The study looked at factors like how a laser's power changes its performance, and how much energy a space-based laser would need to get the job done. And it turns out that just one laser in orbit with a range of 20 kilometers could lower the density of space debris by a fifth within 10 years. With those numbers, the researchers say it's probably worth looking into a laser-based junk destroying mission to make our astronauts and space ships a little safer.

Also in the news of dangerous "burny" science, there's a partial solar eclipse coming up on September 13th. But you only get to see it if you live in Africa, south of Angola, in the southern half of Madagascar, or in the eastern part of Antarctica.

Solar eclipses happen when the moon passes in front of the Sun from our perspective, blocking it from view. This month's eclipse is partial, meaning that the moon won't be exactly centered on the Sun, so the Sun will look like a crescent instead of being entirely dark.

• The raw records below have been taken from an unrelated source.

(* Let $a,b,c,d\in\mathbb C$ with $a\notin\mathbb Z$ and $d\notin\{0,-1,-2,\dots\}$. Then, as an identity of formal power series in $x,y$, $${}_1F_1(a;d;x)\,F(b,c;1-a;y)=\mathrm H_{11}(a,b,c;d;x,-y)+\sum_{k=1}^\infty\sum_{l=1}^k\frac{(-1)^{k-l}(k-1)!}{(l-1)!\,l!\,(k-l)!}\,\frac{(b)_k(c)_k}{(1-a)_k(1-a)_{k-l}(d)_l}\,x^ly^k\,\mathrm H_{11}(a-k+l,b+k,c+k;d+l;x,-y).$$
   Context: Pochhammer symbol: $(\lambda)_k=\Gamma(\lambda+k)/\Gamma(\lambda)$ for every integer $k$ (possibly negative) whenever defined; $(\lambda)_0=1$. $F(a,b;c;x)=\sum_{k\ge0}\frac{(a)_k(b)_k}{(c)_k k!}x^k$, ${}_1F_1(a;c;x)=\sum_{k\ge0}\frac{(a)_k}{(c)_k k!}x^k$. Confluent Horn function $\mathrm H_{11}(a,b,c;d;x,y)=\sum_{p,q\ge0}\frac{(a)_{p-q}(b)_q(c)_q}{(d)_p\,p!\,q!}x^py^q$. All functions are regarded as formal power series in $x,y$; the infinite double sum converges in the formal (degree) topology. *)

theory Defs
  imports Complex_Main
begin

text \<open>Formal power series in two variables x, y, represented by their coefficient
  arrays: F p q is the coefficient of x^p y^q.\<close>
type_synonym bser = "nat \<Rightarrow> nat \<Rightarrow> complex"

definition bmul :: "bser \<Rightarrow> bser \<Rightarrow> bser" where
  "bmul F G = (\<lambda>p q. \<Sum>i\<le>p. \<Sum>j\<le>q. F i j * G (p - i) (q - j))"

definition badd :: "bser \<Rightarrow> bser \<Rightarrow> bser" where
  "badd F G = (\<lambda>p q. F p q + G p q)"

definition bsmult :: "complex \<Rightarrow> bser \<Rightarrow> bser" where
  "bsmult c F = (\<lambda>p q. c * F p q)"

definition bmono :: "nat \<Rightarrow> nat \<Rightarrow> bser" where
  "bmono l k = (\<lambda>p q. if p = l \<and> q = k then 1 else 0)"

text \<open>Formal (coefficientwise) sum of a family of series: each coefficient is the
  sum of the (finitely many, when the family is summable in the formal topology)
  nonzero contributions.\<close>
definition bsum :: "('i \<Rightarrow> bser) \<Rightarrow> 'i set \<Rightarrow> bser" where
  "bsum F I = (\<lambda>p q. \<Sum>i\<in>{i\<in>I. F i p q \<noteq> 0}. F i p q)"

definition bsummable :: "('i \<Rightarrow> bser) \<Rightarrow> 'i set \<Rightarrow> bool" where
  "bsummable F I \<longleftrightarrow> (\<forall>p q. finite {i\<in>I. F i p q \<noteq> 0})"

text \<open>Pochhammer symbol with integer index:
  (a)_k = Gamma(a+k)/Gamma(a); for negative k this is 1/((a+k)(a+k+1)...(a-1)).\<close>
definition poch_int :: "complex \<Rightarrow> int \<Rightarrow> complex" where
  "poch_int a k = (if 0 \<le> k then pochhammer a (nat k)
                   else 1 / pochhammer (a + of_int k) (nat (- k)))"

definition hyp1F1 :: "complex \<Rightarrow> complex \<Rightarrow> bser" where
  "hyp1F1 a c = (\<lambda>p q. if q = 0 then pochhammer a p / (pochhammer c p * fact p) else 0)"

definition hyp2F1y :: "complex \<Rightarrow> complex \<Rightarrow> complex \<Rightarrow> bser" where
  "hyp2F1y a b c = (\<lambda>p q. if p = 0 then pochhammer a q * pochhammer b q / (pochhammer c q * fact q) else 0)"

definition H11 :: "complex \<Rightarrow> complex \<Rightarrow> complex \<Rightarrow> complex \<Rightarrow> bser" where
  "H11 a b c d = (\<lambda>p q. poch_int a (int p - int q) * pochhammer b q * pochhammer c q
                          / (pochhammer d p * fact p * fact q))"

definition bnegy :: "bser \<Rightarrow> bser" where
  "bnegy F = (\<lambda>p q. (-1) ^ q * F p q)"

end

theory Submission
  imports Defs "HOL-Analysis.Gamma_Function" "HOL-Computational_Algebra.Formal_Power_Series"
begin

text \<open>Splitting (b)_q = (b)_k (b+k)_{q-k}, likewise for c and d,
  and using the reflection (a-m)_{m+n} = (-1)^m (1-a)_m (a)_n, the (k,l)-term contributes
  (a)_{p-q} (b)_q (c)_q / ((d)_p p!) times (-1)^{q-k} / ((1-a)_k (q-k)!) times C(k-1,l-1) C(p,l).
  Vandermonde sums the binomials over l to C(p+k-1,k). The H11 term is the summand k = 0, and the
  resulting sum over k is a Chu-Vandermonde sum with value (a+p-q)_q / ((1-a)_q q!), which turns
  (a)_{p-q} into (a)_p. Pochhammer symbols with integer index are handled as Gamma quotients,
  which is where a \<notin> \<int> is needed.\<close>

lemma bmul_bmono_coeff:
  "bmul (bmono l k) G p q = (if l \<le> p \<and> k \<le> q then G (p - l) (q - k) else 0)"
proof -
  have "bmul (bmono l k) G p q
      = (\<Sum>i\<le>p. \<Sum>j\<le>q. if i = l then (if j = k then G (p - i) (q - j) else 0) else 0)"
    unfolding bmul_def bmono_def by (intro sum.cong refl) auto
  also have "\<dots> = (\<Sum>i\<le>p. if i = l then (if k \<le> q then G (p - i) (q - k) else 0) else 0)"
    by (intro sum.cong refl) (auto simp: sum.delta')
  also have "\<dots> = (if l \<le> p \<and> k \<le> q then G (p - l) (q - k) else 0)"
    by (auto simp: sum.delta')
  finally show ?thesis .
qed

But if you happen to not be in the few places where the solar eclipse will be visible, you might get to see a different and rarer eclipse this month too, a lunar eclipse, where the Earth's shadow makes the moon look darker. For the first time since 1982 it will be a super moon eclipse, meaning the moon will be at its closest point to earth, so it'll brighter and about 14% bigger. You'll be able to see at least part of the lunar eclipse if you're anywhere east of Siberia and west of India, so if you're there take a look at the sky around 2:47 a.m. UTC on September 28th, because the next super moon eclipse won't happen until 2033.